Multiplexed micronutrient, inflammation, and malarial antigenemia assessment using a plasma fractionation device

Abstract

Processing and storing blood samples for future analysis of biomarkers can be challenging in resource limited environments. The preparation of dried blood spots (DBS) from finger-stick collection of whole blood is a widely used and established method as DBS are biosafe, and allow simpler field processing, storage, and transport protocols than serum or plasma. Therefore, DBS are commonly used in population surveys to assess infectious disease and/or micronutrient status. Recently, we reported that DBS can be used with the Q-plex™ Human Micronutrient 7-plex Array (MN 7-plex), a multiplexed immunoassay. This tool can simultaneously quantify seven protein biomarkers related to micronutrient deficiencies (iodine, iron and vitamin A), inflammation, and malarial antigenemia using plasma or serum. Serum ferritin, an iron biomarker, cannot be measured from DBS due to red blood cell (RBC) ferritin content confounding the results. In this study, we assess a simple blood fractionation tool that passively separates plasma from other blood components via diffusion through a membrane into a plasma collection disc (PCD). We evaluated the concordance of MN 7-plex analyte concentrations from matched panels of eighty-eight samples of PCD, DBS, and wet plasma prepared from anticoagulated venous whole blood. The results showed good correlations of >0.93 between the eluates from PCD and DBS for each analyte except ferritin; while correlations seen for plasma/PCD were weaker. However, the recovery rate of the analytes from the PCD were better than those from DBS. The serum ferritin measures from the PCD were highly correlated to wet plasma samples (0.85). This suggests that surveillance for iron status in low resource settings can be improved over the current methods restricted to only measuring sTfR in DBS. When used in combination with the MN 7-plex, all seven biomarkers can be simultaneously measured using eluates from the PCDs.
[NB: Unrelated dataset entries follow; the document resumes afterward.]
(* Let $s\in\{1,2\}$ and let $C^s=\{L^s_{a_0,b_0},\dots,L^s_{a_4,b_4}\}\subset\mathcal{L}^s$ be a set of pairwise disjoint lines on ${\rm F}_5$ with $\#C^s=5$. If $\#\{a_0,\dots,a_4\}\le3$, then $\#\psi_5(C^s)\ge3$.
   Context: ${\rm F}_5\subset\mathbb{P}^3(\mathbb{C})$ is the surface $x^5-y^5-z^5+w^5=0$. Let $\eta$ be a primitive 5th root of unity and $v=-1$. For $k,i\in\{0,\dots,4\}$ define $L^1_{k,i}:\{x=\eta^{k+i}z,\ y=\eta^i w\}$, $L^2_{k,i}:\{x=v\eta^i w,\ y=v\eta^{k+i}z\}$, and $\mathcal{L}^s=\{L^s_{k,i}\}_{k,i}$. Define $\psi_5(k,i)=r_5(k+2i)$ with $r_5$ the remainder modulo 5, and $\psi_5(X)$ the set of values $\psi_5(k,i)$ over the lines $L^s_{k,i}\in X$. *)

theory Defs
  imports Complex_Main
begin

text \<open>Points of P^3(C) are represented by nonzero vectors (x,y,z,w) in C^4; a line in
P^3 is represented by the set of nonzero vectors of the corresponding 2-dimensional
subspace. Two projective lines are disjoint iff these sets are disjoint.\<close>

type_synonym pt4 = "complex \<times> complex \<times> complex \<times> complex"

definition fermat5 :: "pt4 set" where
  "fermat5 = {(x,y,z,w). (x,y,z,w) \<noteq> (0,0,0,0) \<and> x^5 - y^5 - z^5 + w^5 = 0}"

definition primitive5 :: "complex \<Rightarrow> bool" where
  "primitive5 \<eta> \<longleftrightarrow> \<eta> ^ 5 = 1 \<and> \<eta> \<noteq> 1"

text \<open>The lines L^s_{k,i}, with v = -1.\<close>
definition Fline :: "complex \<Rightarrow> nat \<Rightarrow> nat \<Rightarrow> nat \<Rightarrow> pt4 set" where
  "Fline \<eta> s k i =
     (if s = 1 then {(x,y,z,w). (x,y,z,w) \<noteq> (0,0,0,0) \<and> x = \<eta>^(k+i) * z \<and> y = \<eta>^i * w}
      else {(x,y,z,w). (x,y,z,w) \<noteq> (0,0,0,0) \<and> x = (-1) * \<eta>^i * w \<and> y = (-1) * \<eta>^(k+i) * z})"

definition psi5 :: "nat \<times> nat \<Rightarrow> nat" where
  "psi5 p = (fst p + 2 * snd p) mod 5"

end

theory Submission
  imports Defs "HOL-Computational_Algebra.Primes" "HOL-Number_Theory.Cong"
begin

text \<open>Disjointness of the lines \<open>L\<^sup>s\<^sub>k\<^sub>,\<^sub>i\<close> forces both \<open>i\<close> and \<open>k + i\<close> to run through all
residues mod 5, so \<open>\<Sum> \<psi>\<^sub>5 \<equiv> \<Sum> (k + i) + \<Sum> i \<equiv> 0 (mod 5)\<close>. If \<open>\<psi>\<^sub>5\<close> took exactly two
values \<open>c \<noteq> d\<close>, with multiplicities \<open>a\<close> and \<open>5 - a\<close>, this sum would be \<open>\<equiv> a (c - d) \<not>\<equiv> 0\<close>.
If \<open>\<psi>\<^sub>5\<close> were constant, \<open>k \<equiv> \<psi>\<^sub>5 - 2 i\<close> would be determined by \<open>i\<close>, so all five \<open>k\<close> would
differ.\<close>

lemma power_mod_if_power_eq_1:
  fixes x :: "'a::monoid_mult"
  assumes "x ^ n = 1"
  shows "x ^ m = x ^ (m mod n)"
proof -
  have "x ^ m = (x ^ n) ^ (m div n) * x ^ (m mod n)"
    by (simp flip: power_mult power_add)
  with assms show ?thesis by simp
qed

lemma Fline_intersect_if_eq_pow:
  assumes "\<eta> ^ i = \<eta> ^ i' \<or> \<eta> ^ (k + i) = \<eta> ^ (k' + i')"
  shows "Fline \<eta> s k i \<inter> Fline \<eta> s k' i' \<noteq> {}"
  using assms
proof
  assume "\<eta> ^ i = \<eta> ^ i'"
  then have "(if s = 1 then (0, \<eta> ^ i, 0, 1) else (- (\<eta> ^ i), 0, 0, 1)) \<in>
               Fline \<eta> s k i \<inter> Fline \<eta> s k' i'"
    by (simp add: Fline_def)
  then show ?thesis by blast
next
  assume "\<eta> ^ (k + i) = \<eta> ^ (k' + i')"
  then have "(if s = 1 then (\<eta> ^ (k + i), 0, 1, 0) else (0, - (\<eta> ^ (k + i)), 1, 0)) \<in>
               Fline \<eta> s k i \<inter> Fline \<eta> s k' i'"
    by (simp add: Fline_def)
  then show ?thesis by blast
qed

lemma inj_on_Fline_indices_if_disjoint:
  assumes "\<eta> ^ 5 = 1"
    and "\<forall>p\<in>S. \<forall>q\<in>S. p \<noteq> q \<longrightarrow>
           Fline \<eta> s (fst p) (snd p) \<inter> Fline \<eta> s (fst q) (snd q) = {}"
  shows "inj_on (\<lambda>p. snd p mod 5) S" "inj_on (\<lambda>p. (fst p + snd p) mod 5) S"
proof -
  have eq_if_pow_eq: "p = q"
    if "p \<in> S" "q \<in> S" "\<eta> ^ snd p = \<eta> ^ snd q \<or> \<eta> ^ (fst p + snd p) = \<eta> ^ (fst q + snd q)"
    for p q
    using that assms(2) Fline_intersect_if_eq_pow by metis
  have \<eta>_pow: "\<eta> ^ n = \<eta> ^ (n mod 5)" for n
    using power_mod_if_power_eq_1[OF assms(1)] .
  show "inj_on (\<lambda>p. snd p mod 5) S"
    by (rule inj_onI) (metis eq_if_pow_eq \<eta>_pow)
  show "inj_on (\<lambda>p. (fst p + snd p) mod 5) S"
    by (rule inj_onI) (metis eq_if_pow_eq \<eta>_pow)
qed

lemma sum_eq_sum_lessThan_if_inj_on:
  assumes "inj_on f S" "f ` S \<subseteq> {..<n}" "card S = n"
  shows "sum f S = (\<Sum>i<n. i)"
proof -
  have "f ` S = {..<n}"
    using assms by (intro card_subset_eq) (simp_all add: card_image)
  then show ?thesis
    using sum.reindex[OF assms(1), of id] by simp
qed

lemma prime_not_dvd_sum_two_valued:
  fixes g :: "'a \<Rightarrow> nat"
  assumes "prime p" "card S = p" "g ` S = {c, d}" "c mod p \<noteq> d mod p"
  shows "\<not> p dvd sum g S"
proof
  assume dvd: "p dvd sum g S"
  define A where "A = {x \<in> S. g x = c}"
  have fin: "finite S"
    using assms(1,2) card.infinite not_prime_0 by metis
  have "c \<noteq> d"
    using assms(4) by auto
  then have g_outside_A: "\<forall>x \<in> S - A. g x = d"
    using assms(3) A_def by auto
  obtain a b where "a \<in> S" "g a = c" "b \<in> S" "g b = d"
    using assms(3) by (metis imageE insertI1 insertI2)
  then have "A \<noteq> {}" "S - A \<noteq> {}"
    using \<open>c \<noteq> d\<close> A_def by auto
  then have A_bounds: "0 < card A" "card A < p"
    using fin A_def assms(2) by (auto intro!: psubset_card_mono simp: card_gt_0_iff)
  have "A \<subseteq> S"
    by (auto simp: A_def)
  have "sum g S = sum g (S - A) + sum g A"
    by (rule sum.subset_diff[OF \<open>A \<subseteq> S\<close> fin])
  also have "sum g (S - A) = (p - card A) * d"
    using g_outside_A fin \<open>A \<subseteq> S\<close> assms(2) by (simp add: card_Diff_subset finite_subset)
  also have "sum g A = card A * c"
    by (simp add: A_def)
  finally have "sum g S = (p - card A) * d + card A * c" .
  then have "int (sum g S) = (int p - int (card A)) * int d + int (card A) * int c"
    using A_bounds by simp
  also have "\<dots> = int (card A) * (int c - int d) + int d * int p"
    by (simp add: algebra_simps)
  finally have "int (sum g S) = int (card A) * (int c - int d) + int d * int p" .
  moreover have "int p dvd int (sum g S)"
    using dvd by (simp only: int_dvd_int_iff)
  ultimately have "int p dvd int (card A) * (int c - int d)"
    by simp
  moreover have "\<not> int p dvd int (card A)"
    using A_bounds by (auto dest: dvd_imp_le)
  moreover have "\<not> int p dvd int c - int d"
    using assms(4) mod_eq_dvd_iff[of "int c" "int p" "int d"] by (simp flip: zmod_int)
  ultimately show False
    using assms(1) by (simp add: prime_dvd_mult_iff)
qed

lemma psi5_eq_imp_snd_eq:
  assumes "psi5 (k, i) = psi5 (k, j)" "i < 5" "j < 5"
  shows "i = j"
proof -
  have "[k + 2 * i = k + 2 * j] (mod 5)"
    using assms(1) by (simp add: psi5_def cong_def)
  then have "[i = j] (mod 5)"
    by (simp add: cong_add_lcancel_nat cong_mult_lcancel_nat)
  then show ?thesis
    using assms(2,3) by (rule cong_less_modulus_unique_nat)
qed

lemma inj_on_fst_if_psi5_constant:
  assumes "inj_on snd S" "snd ` S \<subseteq> {..<5}" "psi5 ` S \<subseteq> {c}"
  shows "inj_on fst S"
proof (rule inj_onI)
  fix p q
  assume pq: "p \<in> S" "q \<in> S" "fst p = fst q"
  have "psi5 p = psi5 q"
    using assms(3) pq(1,2) by blast
  with pq(3) have "psi5 (fst p, snd p) = psi5 (fst p, snd q)"
    by (simp add: psi5_def)
  moreover have "snd p < 5" "snd q < 5"
    using assms(2) pq(1,2) by auto
  ultimately have "snd p = snd q"
    by (rule psi5_eq_imp_snd_eq)
  then show "p = q"
    using inj_onD[OF assms(1) _ pq(1,2)] by simp
qed

lemma five_dvd_sum_psi5:
  assumes "card S = 5" "inj_on snd S" "snd ` S \<subseteq> {..<5}"
    and "inj_on (\<lambda>p. (fst p + snd p) mod 5) S"
  shows "5 dvd sum psi5 S"
proof -
  let ?h = "\<lambda>p. (fst p + snd p) mod 5"
  have "?h ` S \<subseteq> {..<5}"
    by auto
  then have sum_h: "sum ?h S = 10"
    using sum_eq_sum_lessThan_if_inj_on[OF assms(4) _ assms(1)]
    by (simp add: lessThan_nat_numeral)
  have sum_snd: "sum snd S = 10"
    using sum_eq_sum_lessThan_if_inj_on[OF assms(2,3,1)]
    by (simp add: lessThan_nat_numeral)
  have "psi5 p = (?h p + snd p) mod 5" for p
    by (simp add: psi5_def mod_add_left_eq mult_2 add.assoc)
  then have "sum psi5 S mod 5 = (\<Sum>p\<in>S. ?h p + snd p) mod 5"
    by (simp add: mod_sum_eq)
  also have "\<dots> = 0"
    by (simp add: sum.distrib sum_h sum_snd)
  finally show ?thesis
    by presburger
qed

lemma card_psi5_image_ne_2:
  assumes "card S = 5" "5 dvd sum psi5 S"
  shows "card (psi5 ` S) \<noteq> 2"
proof
  assume "card (psi5 ` S) = 2"
  then obtain c d where cd: "psi5 ` S = {c, d}" "c \<noteq> d"
    by (auto simp: card_2_iff)
  moreover have "psi5 ` S \<subseteq> {..<5}"
    by (auto simp: psi5_def)
  ultimately have "c mod 5 \<noteq> d mod 5"
    by auto
  with cd(1) assms show False
    using prime_not_dvd_sum_two_valued[of 5 S psi5 c d] by simp
qed

theorem lemma3p4:
  fixes \<eta> :: complex and s :: nat and S :: "(nat \<times> nat) set"
  assumes "primitive5 \<eta>"
    and "s \<in> {1, 2}"
    and "S \<subseteq> {0..4} \<times> {0..4}"
    and "card S = 5"
    and "\<forall>p\<in>S. \<forall>q\<in>S. p \<noteq> q \<longrightarrow>
           Fline \<eta> s (fst p) (snd p) \<inter> Fline \<eta> s (fst q) (snd q) = {}"
    and "card (fst ` S) \<le> 3"
  shows "card (psi5 ` S) \<ge> 3"
proof -
  have "\<eta> ^ 5 = 1"
    using assms(1) by (simp add: primitive5_def)
  note inj = inj_on_Fline_indices_if_disjoint[OF this assms(5)]
  have snd_lt: "snd ` S \<subseteq> {..<5}"
    using assms(3) by auto
  then have "inj_on snd S = inj_on (\<lambda>p. snd p mod 5) S"
    by (intro inj_on_cong) auto
  with inj(1) have inj_snd: "inj_on snd S"
    by simp
  have "card (psi5 ` S) \<noteq> 0"
    using assms(4) card.infinite by (fastforce simp: card_eq_0_iff)
  moreover have "card (psi5 ` S) \<noteq> 1"
  proof
    assume "card (psi5 ` S) = 1"
    then have "inj_on fst S"
      using inj_on_fst_if_psi5_constant[OF inj_snd snd_lt] by (auto simp: card_1_singleton_iff)
    with assms(4,6) show False
      by (simp add: card_image)
  qed
  moreover have "card (psi5 ` S) \<noteq> 2"
    using card_psi5_image_ne_2 five_dvd_sum_psi5 assms(4) inj_snd snd_lt inj(2) by blast
  ultimately show ?thesis
    by linarith
qed

end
Fig 1. Sample panels and experiment design.

Fig 2. Schematic illustrating the plasma collection disc in operation.

The schematic illustrates a single PCD. Photos on the left show the PCD with the the filter disc placed on a manifold for multiple samples and the addition of 35 μL of whole blood to each disc (top), a PDC detail view prior to whole blood being added (middle), and the discs after blood has been absorbed and finally the plasma collection disc exposed after the whole blood treated filter has been removed (bottom). The disc is removed with sterile forceps and is ready for use or can be stored until required.

Fig 3

A. Lin’s concordance correlation coefficient (CCC) plots comparing the analyte measurements in paired wet plasma (x-axes) and DBS samples (y-axes). AGP, α-1-acid glycoprotein; CRP, C-reactive protein; FER, ferritin; HRP2, histidine rich protein 2; RBP4, retinol binding protein 4; sTfR, soluble transferrin receptor; Tg, thyroglobulin; DBS, dried blood spot; rho_c, CCC. B, Lin’s CCC plots comparing the analyte measurements in paired wet plasma (x-axes) and the adjusted PCD (y-axes). AGP, α-1-acid glycoprotein; CRP, C-reactive protein; FER, ferritin; HRP2, histidine rich protein 2; RBP4, retinol binding protein 4; sTfR, soluble transferrin receptor; Tg, thyroglobulin; DBS, dried blood spot; rho_c, CCC.

Fig 4

A. Bland Altman plots of the difference in results derived from wet plasma versus DBS types measured using the 7-plex assay. Average of the wet plasma and dry sample type (x-axes) are plotted against the difference between measurements from the 7-Plex assay for paired wet plasma and dry sample types (y-axes). B. Bland Altman plots of the difference in results derived from wet plasma versus the adjusted PCD. For both Figures, the horizontal lines indicate line of perfect agreement (green), mean (purple), and ± 2standard deviations of the difference (red). AGP, α-1-acid glycoprotein; CRP, C-reactive protein; FER, ferritin; HRP2, histidine rich protein 2; RBP4, retinol binding protein 4; sTfR, soluble transferrin receptor; Tg, thyroglobulin; DBS, dried blood spot.